Il Disegno di Legge del governo Lega-5Stelle sull’Autonomia differenziata di Lombardia, Veneto ed Emilia Romagna porta a disastroso compimento la riforma costituzionale del Titolo V del 2001 (approvata dal governo dell’allora centro-sinistra) e intende dare a tutte le regioni che ne assumeranno l’iniziativa la competenza esclusiva su diverse materie, tra cui, oltre alla Sanità, l’Istruzione. Quest’ultima verrebbe organizzata in base alle disponibilità economiche territoriali, con uno Stato che abdicherebbe alla propria funzione istituzionale, acuendo il divario economico e sociale tra Nord e Sud, tra regioni ricche e povere, emarginando i più vulnerabili e indifesi. In base al DL, tutte le materie oggi proprie dello Stato in merito all’Istruzione sono trasferite alle regioni: finalità, funzioni e organizzazione dell’istruzione e formazione; valutazione degli studenti (Invalsi) con indicatori territoriali specifici; percorsi di alternanza scuola-lavoro e formazione dei docenti; contratti regionali per il personale; programmazione integrata tra istruzione e formazione professionale; definizione del fabbisogno regionale del personale e sua distribuzione nel territorio; criteri per il riconoscimento della parità scolastica e dei finanziamenti; organi collegiali e loro funzionamento; istruzione degli adulti e tecnica superiore; fondo pluriennale per l’Università; trasferimento delle risorse umane e finanziarie dell’USR e Ambiti Territoriali alla regione; procedure concorsuali con ruolo regionale; percentuale del personale che si può trasferire dalle altre regioni, esclusi i DS; applicazione della disciplina del personale iscritto con ruolo regionale ai docenti non abilitati.
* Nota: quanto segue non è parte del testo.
(* In the setting described in the context, there exists an open neighbourhood $U_{2,0}$ of $P_2$, relatively compact in $U_2$, such that $\widetilde{\Gamma}'_t=\{0\}\times\mathbb{Z}$ for all $t\in U_{2,0}$.
   Context: Write $\mathbf{e}(x)=\exp(2\pi\sqrt{-1}x)$. Let $\tau\in\mathbb{C}$ with $\mathrm{Im}\,\tau>0$, $X=\mathbb{C}/(\mathbb{Z}+\mathbb{Z}\tau)$, $P_1\neq P_2\in X$, and $X_{\mathfrak m}$ the curve obtained by identifying $P_1,P_2$ to an ordinary double point, $\rho:X\to X_{\mathfrak m}$. Let $\alpha,\beta$ be a canonical homology basis of $X$ (curves avoiding $P_1,P_2$), $X^\circ$ the simply connected domain obtained by cutting $X$ along them, $U_1,U_2\subset X^\circ$ small disks around $P_1,P_2$, $t$ a local coordinate on $\overline{U_2}$ with $t(P_2)=0$ (points of $U_2$ are identified with their $t$-values), and $\gamma_1$ a small anticlockwise circle around $P_1$. Let $\omega,\eta$ be the basis of the generalized differentials of $X_{\mathfrak m}$ (meromorphic 1-forms on $X$, holomorphic off $\{P_1,P_2\}$, at most simple poles there, residues summing to $0$) with $\rho^*\omega$ holomorphic and $(\int_{\gamma_1},\int_\alpha,\int_\beta)$ of $\rho^*\omega$ and $\rho^*\eta$ equal to $(0,1,\tau)$ and $(1,r_1,r_2)$, $r_1,r_2\in\mathbb{R}$. Fix $P_0\in X^\circ\setminus\{P_1,P_2\}$ and let $\varphi_1(P)=\int_{P_0}^P\rho^*\omega$, $\varphi_2(P)=\int_{P_0}^P\rho^*\eta$. Let $\theta{a\brack b}(z)=\sum_{n\in\mathbb{Z}}\mathbf{e}[\tfrac12(n+a)^2\tau+(n+a)(z+b)]$, $\Theta(z,w)=\theta{0\brack0}(z)+\theta{-r_1\brack r_2}(z)\mathbf{e}(w)$, and $\mathfrak{T}_c(P)=\Theta(\varphi_1(P)-c_1,\varphi_2(P)-c_2)$ for $c=(c_1,c_2)\in\mathbb{C}^2$; it has a simple pole at $P_2$. On $\overline{U_2}$ write $\mathfrak{T}_c(t)=c_{-1}/t+h_2(t;c)$ and $\mathfrak{T}_c'(t)/\mathfrak{T}_c(t)=-1/t+h_3(t;c)$ with $h_2,h_3$ holomorphic in $t$. Define $d'(t):\mathbb{C}^2\to\mathbb{C}^2$ by $d'(t)(c)=(c_1,\frac{1}{2\pi\sqrt{-1}}h_3(t;c))$ and its period group $\widetilde{\Gamma}'_t=\{\tilde c\in\mathbb{C}^2: d'(t)(c+\tilde c)=d'(t)(c)\text{ for all }c\in\mathbb{C}^2\}$. *)

theory Defs
  imports "HOL-Complex_Analysis.Complex_Analysis"
begin

text \<open>Concrete model: the universal cover C of X = C/(Z + Z tau), coordinates
  normalised so that the pullback of omega is dz.  Points of X are represented
  by their lifts; the cut domain X-circ is represented by a lift D in C.\<close>

definition ee :: "complex \<Rightarrow> complex" where
  "ee x = exp (2 * of_real pi * \<i> * x)"

definition lattice :: "complex \<Rightarrow> complex set" where
  "lattice \<tau> = {of_int m + of_int n * \<tau> | m n. True}"

definition pole_set :: "complex \<Rightarrow> complex \<Rightarrow> complex \<Rightarrow> complex set" where
  "pole_set \<tau> p1 p2 = {p1 + l | l. l \<in> lattice \<tau>} \<union> {p2 + l | l. l \<in> lattice \<tau>}"

definition cut_set :: "complex \<Rightarrow> (real \<Rightarrow> complex) \<Rightarrow> (real \<Rightarrow> complex) \<Rightarrow> complex set" where
  "cut_set \<tau> \<alpha> \<beta> = {l + z | l z. l \<in> lattice \<tau> \<and> z \<in> path_image \<alpha> \<union> path_image \<beta>}"

definition theta_char :: "complex \<Rightarrow> complex \<Rightarrow> complex \<Rightarrow> complex \<Rightarrow> complex" where
  "theta_char \<tau> a b z =
     infsum (\<lambda>n::int. ee ((1/2) * (of_int n + a)^2 * \<tau> + (of_int n + a) * (z + b))) UNIV"

definition Theta :: "complex \<Rightarrow> real \<Rightarrow> real \<Rightarrow> complex \<Rightarrow> complex \<Rightarrow> complex" where
  "Theta \<tau> r1 r2 z w = theta_char \<tau> 0 0 z + theta_char \<tau> (- of_real r1) (of_real r2) z * ee w"

text \<open>phi2(P) = integral of rho^* eta from P0 to P along a path in X-circ minus the poles
  (well defined modulo Z; Theta only depends on ee of its second argument).\<close>
definition phi2 :: "(complex \<Rightarrow> complex) \<Rightarrow> complex set \<Rightarrow> complex \<Rightarrow> complex \<Rightarrow> complex" where
  "phi2 g S p0 z = (SOME v. \<exists>\<gamma>. valid_path \<gamma> \<and> pathstart \<gamma> = p0 \<and> pathfinish \<gamma> = z \<and>
                       path_image \<gamma> \<subseteq> S \<and> (g has_contour_integral v) \<gamma>)"

text \<open>frak T_c(P) = Theta(phi1(P) - c1, phi2(P) - c2), with phi1(P) = P - P0 (integral of dz).\<close>
definition frakT :: "complex \<Rightarrow> real \<Rightarrow> real \<Rightarrow> (complex \<Rightarrow> complex) \<Rightarrow> complex set \<Rightarrow> complex
      \<Rightarrow> complex \<times> complex \<Rightarrow> complex \<Rightarrow> complex" where
  "frakT \<tau> r1 r2 g S p0 c z = Theta \<tau> r1 r2 (z - p0 - fst c) (phi2 g S p0 z - snd c)"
E’ facile capire che l’ulteriore e massiccia divaricazione socio-economica tra Nord e Sud comporterebbe un irrimediabile e definitivo dislivello tra le due parti dell’Italia con costi sociali elevatissimi, rischiando di abbandonare i giovani delle regioni più povere ad essere preda della malavita organizzata, che soprattutto in quei territori trova ancora manovalanza a basso costo. La regionalizzazione farebbe scomparire il carattere unitario dell’istruzione, a partire dai programmi e dal reclutamento di docenti e ATA, creando divaricazioni stipendiali tra lavoratori/trici presenti nelle stesse scuole, a seconda che siano “assoggettati” al sistema regionalistico o a quello residuale statale, con alcuni gravi interrogativi rispetto ai criteri di reclutamento, al loro inquadramento giuridico e alla posizione rispetto al contratto nazionale.
La Lega, che domina il governo, ha tratto enorme vantaggio da una politica e un’ideologia razziste, xenofobe, “securitarie”, ostili ai migranti e ai più deboli; ma il suo “core business” a Nord resta l’autonomia finanziaria ed economica come surrogato del vecchio separatismo. E dunque la Lega vuole portare al più presto a casa questa autonomia, mentre il M5S ha già abbondantemente dimostrato che, pur di restare al governo, è disposto a rinunciare ai suoi sbandierati “cavalli di battaglia”. Quindi, l’allarme deve essere massimo e le risposte forti e tempestive da parte del mondo della scuola. In particolare è decisivo che in tempi rapidi tutti i sindacati della scuola, al di là delle divergenze su altri punti, ritrovino quell’unità che raggiunsero il 5 maggio del 2015, con il più grande sciopero (pari solo a quello del 17 febbraio 2000 che cancellò il “concorsaccio” di Berlinguer) della storia della scuola italiana. Facciamo dunque appello agli altri sindacati affinché si arrivi, con l’adesione anche delle associazioni e comitati in difesa della scuola pubblica e facendo seguito al Tavolo unitario già costituito, ad una grande giornata di sciopero con la partecipazione corale del personale scolastico, oltre che degli studenti, che porti in piazza il popolo della scuola pubblica per bloccare il disastroso progetto di disgregazione del sistema scolastico nazionale.